Из уцелевших воспоминаний (1868-1917). Книга I | страница 51
Домашняя обстановка Мани была самая патріархальная — масса старой прислуги и челяди, изъ которыхъ наиболѣе памятны двѣ Дарьи: Дарья Петровна — камеръ-фрейлина тети Маріи Ивановны, важная, малокровная персона съ бѣлой туго-накрахмаленной наколкой на тонкой головѣ; и другая — Дарья Андріановна — горничная Мани, рябоватая, большеглазая, чрезвычайно подвижная, худая женщина, смотрѣвшая на свою барышню, какъ на свою собственность, вникавшая и вмѣшивавшаяся во всѣ мелочи ея жизни. Въ общемъ, Дарья Андріановна была добрая и милая женщина, и мы всѣ ее любили.
Выросши изъ озорного „мальчика” въ 16-тилѣтнюю красивую, здоровую, смугло-краснощекую дѣвушку, Маня осталась по характеру своему „вольницей” и своенравной”. Ея любимое занятіе было общеніе съ хозяйствомъ, природой. Она обожала лошадей, собакъ, кошекъ, любила верховую ѣзду и охоту. Всѣ ея помыслы сводились къ деревнѣ, деревенскому быту, а жизнь въ городѣ она органически ненавидѣла... Тѣмъ не менѣе, по зимамъ, Манѣ приходилось жить въ Симбирскѣ, участвовать въ общей городской жизни. Общества и веселья она не чуждалась, но сходилась лишь съ тѣми, кто болѣе или менѣе отвѣчалъ ея природнымъ вкусамъ.
Маня Бѣлякова была центромъ вниманія всей пашей молодежи. Про себя могу лишь сказать одно: мои отношенія къ ней изъ дѣтскихъ дружескихъ вылились въ старшемъ возрастѣ, приблизительно къ 16-17 годамъ, въ чувство болѣе сложное и глубокое... Я ее полюбилъ такъ, какъ только можетъ полюбить впервые забившееся чистое юношеское сердце. Зародившееся чувство я хранилъ въ себѣ, какъ нѣкую святыню, не только не говоря объ этомъ ей, но стараясь всячески не выдавать себя. Надо думать, что чуткая Маня догадывалась объ этомъ. Временами казалось отвѣчала она мнѣ взаимностью, но вспоминаются и иные моменты, когда приходилось моему юному сердцу до извѣстной степени „страдать” — и виновникомъ тому былъ не кто иной, какъ Германъ Молоствовъ, мой лучшій другъ изъ всей компаніи моихъ гимназическихъ сверстниковъ.

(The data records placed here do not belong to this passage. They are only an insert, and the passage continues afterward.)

lemma exp_rbm_f_latent_sum:
  assumes "A \<subseteq> {..<m}"
  shows "exp (rbm_f n m J h g x) = (\<Sum>y\<in>PiE A (\<lambda>_. {1, -1}). clamped_weight n m J h g A y x)"
proof -
  let ?t = "\<lambda>j. latent_field n J g j x"
  have fin: "finite A"
    using assms finite_subset by blast
  have "exp (rbm_f n m J h g x) = exp (\<Sum>i<n. h i * x i) * (\<Prod>j<m. exp (?t j) + exp (- ?t j))"
    unfolding rbm_f_def latent_field_def exp_add exp_sum[OF finite_lessThan] exp_rho
    by (simp add: mult.commute)
  also have "(\<Prod>j<m. exp (?t j) + exp (- ?t j))
      = (\<Prod>j\<in>A. \<Sum>v\<in>{1, -1}. exp (v * ?t j)) * (\<Prod>j\<in>{..<m} - A. exp (?t j) + exp (- ?t j))"
    using prod.subset_diff[OF assms] by (simp add: mult.commute)
  also have "(\<Prod>j\<in>A. \<Sum>v\<in>{1, -1}. exp (v * ?t j))
      = (\<Sum>y\<in>PiE A (\<lambda>_. {1, -1}). \<Prod>j\<in>A. exp (y j * ?t j))"
    by (rule prod_sum_PiE) (auto simp: fin)
  also have "\<dots> = (\<Sum>y\<in>PiE A (\<lambda>_. {1, -1}). exp (\<Sum>j\<in>A. y j * ?t j))"
    by (simp add: exp_sum fin)
  finally show ?thesis
    unfolding clamped_weight_def by (simp add: sum_distrib_left sum_distrib_right exp_add mult.assoc)
qed

lemma sum_lessThan_fun_upd:
  fixes a x :: "nat \<Rightarrow> real"
  assumes "i < n"
  shows "(\<Sum>k<n. a k * (x(i := v)) k) = (\<Sum>k<n. a k * x k) + a i * (v - x i)"
  using assms by (simp add: sum.remove[of "{..<n}" i] algebra_simps)

lemma clamped_weight_flip:
  assumes "i < n" "\<forall>j<m. j \<notin> A \<longrightarrow> J i j = 0"
  shows "clamped_weight n m J h g A y (x(i := - x i))
    = exp (- 2 * x i * local_field J h A i y) * clamped_weight n m J h g A y x"
proof -
  have field: "latent_field n J g j (x(i := - x i)) = latent_field n J g j x - 2 * x i * J i j" for j
    unfolding latent_field_def sum_lessThan_fun_upd[OF assms(1)] by simp
  have exponent: "(\<Sum>k<n. h k * (x(i := - x i)) k) + (\<Sum>j\<in>A. y j * latent_field n J g j (x(i := - x i)))
      = - 2 * x i * local_field J h A i y + ((\<Sum>k<n. h k * x k) + (\<Sum>j\<in>A. y j * latent_field n J g j x))"
    unfolding field sum_lessThan_fun_upd[OF assms(1)] local_field_def
    by (simp add: algebra_simps sum_subtractf sum_distrib_left sum_negf)
  have "latent_field n J g j (x(i := - x i)) = latent_field n J g j x" if "j \<in> {..<m} - A" for j
    using that assms(2) unfolding field by simp
  then have "(\<Prod>j\<in>{..<m} - A. exp (latent_field n J g j (x(i := - x i))) + exp (- latent_field n J g j (x(i := - x i))))
      = (\<Prod>j\<in>{..<m} - A. exp (latent_field n J g j x) + exp (- latent_field n J g j x))"
    by (intro prod.cong) auto
  then show ?thesis
    unfolding clamped_weight_def exponent exp_add by (simp only: mult.assoc)
qed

Германъ, какъ и всѣ его семейные, былъ смуглый брюнетъ, средняго роста, статный и красивый. Одѣтый въ военную форму „съ иголочки”, онъ умѣлъ себя держать франтовски и молодцевато. Бодрый и жизнерадостный, онъ всегда приносилъ съ собой въ общество веселый подъемъ и задоръ, а своимъ пріятнымъ юношескимъ баритономъ, напѣвавшимъ чувствительные романсы, доставлялъ намъ всѣмъ немалое удовольствіе. Мы всегда дѣлились другъ съ другомъ самыми задушевными мыслями и сокровенными чувствами. Молоствовъ зналъ о своемъ увлеченіи, а онъ, въ свою очередь въ мельчайшихъ подробностяхъ сообщалъ мнѣ о своихъ нѣжныхъ симпатіяхъ къ сосѣдкѣ по Казанскому имѣнію Екатеринѣ Нератовой.